The math is the forcing function. 50B feature reads/sec at the fleet level. 20ms p99 for the feature-fetch phase (not the whole ranking request — model inference eats its own budget). If we naively place features behind a KV RPC at 1ms median / 5ms p99 per hop, 50K serial lookups is 250 seconds. Even 1000-way parallelized it’s 250ms and blows the budget by 12×. The answer cannot be “faster Redis.” The answer is colocation of the hot working set with the ranker, specialization of the read path per feature type, and ruthless batching. [STAFF SIGNAL: latency budget reframing]

Training/serving skew is the principal architectural risk, not a test-harness concern. [STAFF SIGNAL: skew as first-class] A fine ranker trained on features computed in Spark and served from an online store computed in Flink will silently degrade as definitions drift. I’ll treat the skew invariant — the feature value the model trained on is byte-equivalent to the feature value served — as a property of the system, not an assertion checked after the fact. The dominant design choice: log-and-train (we log served features and train on those logs) rather than recomputing training features from raw data.

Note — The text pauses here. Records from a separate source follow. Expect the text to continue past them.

(* For an integer $k\ge1$ let $F_0(k)=0$, $F_1(k)=1$, $F_n(k)=kF_{n-1}(k)+F_{n-2}(k)$ for $n\ge2$, and for $n\ge2$ let $I_{k,n}(t)=\#(t\mathcal{T}\cap\mathbb{Z}^2)$ where $\mathcal{T}$ is the triangle with vertices $(0,0)$, $\left(\frac{F_{n-1}(k)}{F_n(k)},0\right)$ and $\left(0,\frac{F_n(k)}{F_{n-1}(k)}\right)$. Then for every $k\ge1$ and every even integer $n\ge2$, $F_n(k)$ is a common quasi-period of $I_{k,n}(t)$ and $I_{k,n+1}(t)$.
   Context: The Ehrhart function of a rational polygon is a quasipolynomial $\sum_i c_i(t)t^i$ with periodic coefficient functions $c_i$; an integer $N$ is a quasi-period if every $c_i$ is periodic with period $N$. *)

theory Defs
  imports "HOL-Analysis.Analysis"
begin

fun F :: "nat \<Rightarrow> nat \<Rightarrow> nat" where
  "F k 0 = 0"
| "F k (Suc 0) = 1"
| "F k (Suc (Suc n)) = k * F k (Suc n) + F k n"

definition triangle :: "nat \<Rightarrow> nat \<Rightarrow> (real \<times> real) set" where
  "triangle k n = convex hull {(0, 0), (real (F k (n - 1)) / real (F k n), 0),
                               (0, real (F k n) / real (F k (n - 1)))}"

definition I :: "nat \<Rightarrow> nat \<Rightarrow> nat \<Rightarrow> nat" where
  "I k n t = card {p :: int \<times> int.
       (real_of_int (fst p), real_of_int (snd p)) \<in> (\<lambda>x. real t *\<^sub>R x) ` triangle k n}"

What I’d push back on up front: [STAFF SIGNAL: saying no] 50K features per request is almost certainly excessive. In every large recsys I’ve audited, 60–80% of features contribute sub-basis-point NE lift. A feature-pruning initiative (SHAP-based, or drop-and-retrain with online A/B) typically removes 30–50% of features with no measurable quality regression and buys back half the latency budget. I’d land the infra design for 50K but fund pruning in parallel — it’s a larger win than any single infra optimization.

Per-request wire math:

Component | Min wire | Realistic
-----------------------|----------------|------------
Counters (~50) | 50 × 4B = 200B| 50 × 8B = 400B
Scalar aggregates (5K) | 5K × 4B = 20KB | 5K × 8B = 40KB
Dense numeric (~10K) |10K × 4B = 40KB |10K × 4B = 40KB
Embeddings (2 user + |(2+1K) × 64B |(2+1K) × 96B
1K item, 64-d int8) | = 64KB | = 96KB
Cross features (~15K) |15K × 4B = 60KB |15K × 4B = 60KB
-----------------------|----------------|------------
Total per request | ~184 KB | ~236 KB
At 1M rps | ~184 GB/s | ~236 GB/s aggregate

~250 GB/s aggregate wire from feature substrate to rankers. If features are remote, that’s 250 GB/s of NIC budget split across ~2000 ranker boxes plus the serving side. Feasible with 100 Gbps NICs (12.5 GB/s each) but tight once protocol overhead is counted. If features are colocated in-process, this bandwidth is DRAM bandwidth (~200 GB/s per socket, free). That alone argues for colocation.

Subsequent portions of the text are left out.